Les actes de la procédure d'appel accomplis par la société C2S, soit les conclusions déposées le 25 janvier 2022, dans le délai accordé à l'appelant pour conclure, prévu l'article 908 du code de procédure civile et de notification de ses conclusions à M. [U] [O] sont en conséquence affectés d'une irrégularité de fond au sens de l'article 117 du code de procédure civile.

A la différence de la fin de non-recevoir tirée du défaut de qualité de la partie intimée, dont l'article 126 du code de procédure civile prévoit expressément qu'elle se trouve régularisée par l'intervention de la personne ayant qualité pour agir ou défendre en justice, la nullité pour défaut de capacité tirée de l'absence de personnalité morale de la société absorbée n'est pas susceptible de régularisation par l'intervention volontaire postérieure de la société absorbante venant à ses droits (Cass.
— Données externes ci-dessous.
lemma mat_mult_id_left:
  assumes "supp_mat n B"
  shows "mat_mult n (id_mat n) B = B"
proof (intro ext)
  fix i j
  show "mat_mult n (id_mat n) B i j = B i j"
  proof (cases "i < n \<and> j < n")
    case True
    have "(\<Sum>k<n. id_mat n i k * B k j) = (\<Sum>k\<in>{i}. B k j)"
      by (rule sum.mono_neutral_cong_right) (use True in \<open>auto simp: id_mat_def\<close>)
    then show ?thesis using True by (simp add: mat_mult_def)
  next
    case False
    then show ?thesis using assms by (auto simp: mat_mult_def supp_mat_def)
  qed
qed

lemma re_inner_scaleR_right: "re_inner n w (\<lambda>j. of_real s * v j) = s * re_inner n w v"
proof -
  have "herm n w (\<lambda>j. of_real s * v j) = of_real s * herm n w v"
    by (simp add: herm_def sum_distrib_left algebra_simps)
  then show ?thesis by (simp add: re_inner_def)
qed

lemma re_inner_unit_vec: "j < n \<Longrightarrow> re_inner n w (unit_vec j c) = Re (w j * cnj c)"
proof -
  assume j: "j < n"
  have "herm n w (unit_vec j c) = (\<Sum>k\<in>{j}. w k * cnj (unit_vec j c k))"
    unfolding herm_def by (rule sum.mono_neutral_cong_right) (use j in \<open>auto simp: unit_vec_def\<close>)
  then show ?thesis by (simp add: re_inner_def unit_vec_def)
qed

lemma mat_vec_v_r: "1 \<le> n \<Longrightarrow> j < n \<Longrightarrow> mat_vec n B (v_r n r) j = B j (n - 1) * of_real r"
proof -
  assume n: "1 \<le> n" and j: "j < n"
  have "(\<Sum>k<n. B j k * v_r n r k) = (\<Sum>k\<in>{n - 1}. B j k * v_r n r k)"
    by (rule sum.mono_neutral_cong_right) (use n in \<open>auto simp: v_r_def\<close>)
  then show ?thesis using j by (simp add: mat_vec_def v_r_def)
qed

lemma unitary_last_column_norm:
  assumes "B \<in> unitary_grp n" "1 \<le> n"
  shows "(\<Sum>j<n. (cmod (B j (n - 1)))\<^sup>2) = 1"
proof -
  have "mat_mult n (adj_mat n B) B (n - 1) (n - 1) = id_mat n (n - 1) (n - 1)"
    using assms(1) by (simp add: unitary_grp_def)
  then have "(\<Sum>k<n. cnj (B k (n - 1)) * B k (n - 1)) = 1"
    using assms(2) by (simp add: mat_mult_def adj_mat_def id_mat_def)
  then have "complex_of_real (\<Sum>k<n. (cmod (B k (n - 1)))\<^sup>2) = 1"
    by (simp add: complex_norm_square mult.commute del: of_real_power)
  then show ?thesis using of_real_eq_1_iff by blast
qed

lemma norm_mat_vec_v_r:
  assumes "B \<in> unitary_grp n" "1 \<le> n"
  shows "(\<Sum>j<n. (cmod (mat_vec n B (v_r n r) j))\<^sup>2) = r\<^sup>2"
proof -
  have "(\<Sum>j<n. (cmod (mat_vec n B (v_r n r) j))\<^sup>2) = (\<Sum>j<n. (cmod (B j (n - 1)))\<^sup>2) * r\<^sup>2"
    using assms(2) by (simp add: mat_vec_v_r norm_mult power_mult_distrib sum_distrib_right)
  then show ?thesis using unitary_last_column_norm[OF assms] by simp
qed

lemma dpi_horizontal:
  assumes "supp_mat n B"
  shows "dpi n r (v, 0) \<eta> B k = - \<i> * of_real (re_inner n (mat_vec n B (v_r n r)) v) * \<eta> B k"
proof -
  define c where "c = re_inner n (mat_vec n B (v_r n r)) v"
  define f where "f x = exp (- \<i> * x * of_real c) * \<eta> B k" for x
  have orbit: "(\<lambda>s. pi_rep n r (id_mat n, (\<lambda>j. of_real s * v j), 0) \<eta> B k)
      = (\<lambda>s::real. f (of_real s))"
    by (simp add: f_def c_def pi_rep_def adj_mat_id_mat mat_mult_id_left[OF assms]
        re_inner_scaleR_right mult.assoc)
  have "(f has_field_derivative - \<i> * of_real c * \<eta> B k) (at (of_real 0))"
    unfolding f_def by (auto intro!: derivative_eq_intros)
  then have "((\<lambda>s::real. f (of_real s)) has_vector_derivative - \<i> * of_real c * \<eta> B k) (at 0)"
    by (rule has_vector_derivative_real_field)
  then show ?thesis
    by (simp add: dpi_def orbit c_def vector_derivative_at)
qed

lemma dpi_Z_eq:
  assumes "supp_mat n B" "j < n"
  shows "dpi_Z n r j \<eta> B k = - \<i> * mat_vec n B (v_r n r) j * \<eta> B k"
proof -
  define w where "w = mat_vec n B (v_r n r) j"
  have "dpi_Z n r j \<eta> B k = (- \<i> * of_real (Re w) + of_real (Im w)) * \<eta> B k"
    unfolding dpi_Z_def dpi_horizontal[OF assms(1)] re_inner_unit_vec[OF assms(2)] w_def
    by (simp add: algebra_simps)
  also have "\<dots> = - \<i> * w * \<eta> B k"
    by (simp add: complex_eq_iff)
  finally show ?thesis by (simp add: w_def)
qed

lemma dpi_Zbar_eq:
  assumes "supp_mat n B" "j < n"
  shows "dpi_Zbar n r j \<eta> B k = - \<i> * cnj (mat_vec n B (v_r n r) j) * \<eta> B k"
proof -
  define w where "w = mat_vec n B (v_r n r) j"
  have "dpi_Zbar n r j \<eta> B k = (- \<i> * of_real (Re w) - of_real (Im w)) * \<eta> B k"
    unfolding dpi_Zbar_def dpi_horizontal[OF assms(1)] re_inner_unit_vec[OF assms(2)] w_def
    by (simp add: algebra_simps)
  also have "\<dots> = - \<i> * cnj w * \<eta> B k"
    by (simp add: complex_eq_iff)
  finally show ?thesis by (simp add: w_def)
qed

theorem lemma5p1:
  fixes n d :: nat and r :: real and \<mu> :: "nat \<Rightarrow> int"
    and \<rho> :: "cmat \<Rightarrow> cmat" and \<xi> :: "cmat \<Rightarrow> cvec"
  assumes "1 \<le> n" and "0 < r"
    and "\<mu> \<in> P_dom (n - 1)"
    and "irrep_hw n d \<rho> \<mu>"
    and "\<xi> \<in> ind_space n d \<rho>"
  shows "\<forall>B\<in>unitary_grp n. dpi_L n r \<xi> B = (\<lambda>k. - (of_real (r\<^sup>2)) * \<xi> B k)"
proof (intro ballI ext)
  fix B k assume B: "B \<in> unitary_grp n"
  then have supp: "supp_mat n B" by (simp add: unitary_grp_def)
  define w where "w = mat_vec n B (v_r n r)"
  have "dpi_L n r \<xi> B k = (1/2) * (\<Sum>j<n. 2 * (- \<i> * w j * (- \<i> * cnj (w j))) * \<xi> B k)"
    unfolding dpi_L_def
    by (intro arg_cong[where f="\<lambda>x. (1/2) * x"] sum.cong refl)
       (simp add: dpi_Z_eq[OF supp] dpi_Zbar_eq[OF supp] w_def algebra_simps)
  also have "\<dots> = (\<Sum>j<n. - \<i> * w j * (- \<i> * cnj (w j))) * \<xi> B k"
    by (simp add: sum_distrib_right sum_distrib_left[symmetric] mult.assoc)
  also have "(\<Sum>j<n. - \<i> * w j * (- \<i> * cnj (w j))) = - of_real (\<Sum>j<n. (cmod (w j))\<^sup>2)"
    by (simp add: sum_negf[symmetric] complex_norm_square algebra_simps del: of_real_power)
  also have "(\<Sum>j<n. (cmod (w j))\<^sup>2) = r\<^sup>2"
    unfolding w_def by (rule norm_mat_vec_v_r[OF B assms(1)])
  finally show "dpi_L n r \<xi> B k = - (of_real (r\<^sup>2)) * \<xi> B k" .
qed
Chambre civile 2, 8 septembre 2022, 21-11.892).

Par conséquent, l'ordonnance déférée sera confirmée en ce qu'elle a constaté la caducité la déclaration d'appel formée par la société Groupe C2S.

Sur l'article 700 du Code de Procédure Civile et les dépens :

L'équité commande de ne pas faire application des dispositions de l'article 700 du Code de Procédure Civile en faveur de l'une quelconque des parties.

Pour avoir succombé en sa requête en déféré, la société Elsan sera condamnée à supporter les dépens de la présente instance en déféré.

PAR CES MOTIFS

La Cour, statuant publiquement par arrêt contradictoire, par mise à disposition au greffe, après en avoir délibéré conformément à la loi ;

Confirme l'ordonnance entreprise,

Dit n'y avoir lieu à application des dispositions de l'article 700 du code de procédure civile en faveur de l'une quelconque des parties ;

Condamne la société Elsan à supporter les dépens de la présente instance en déféré.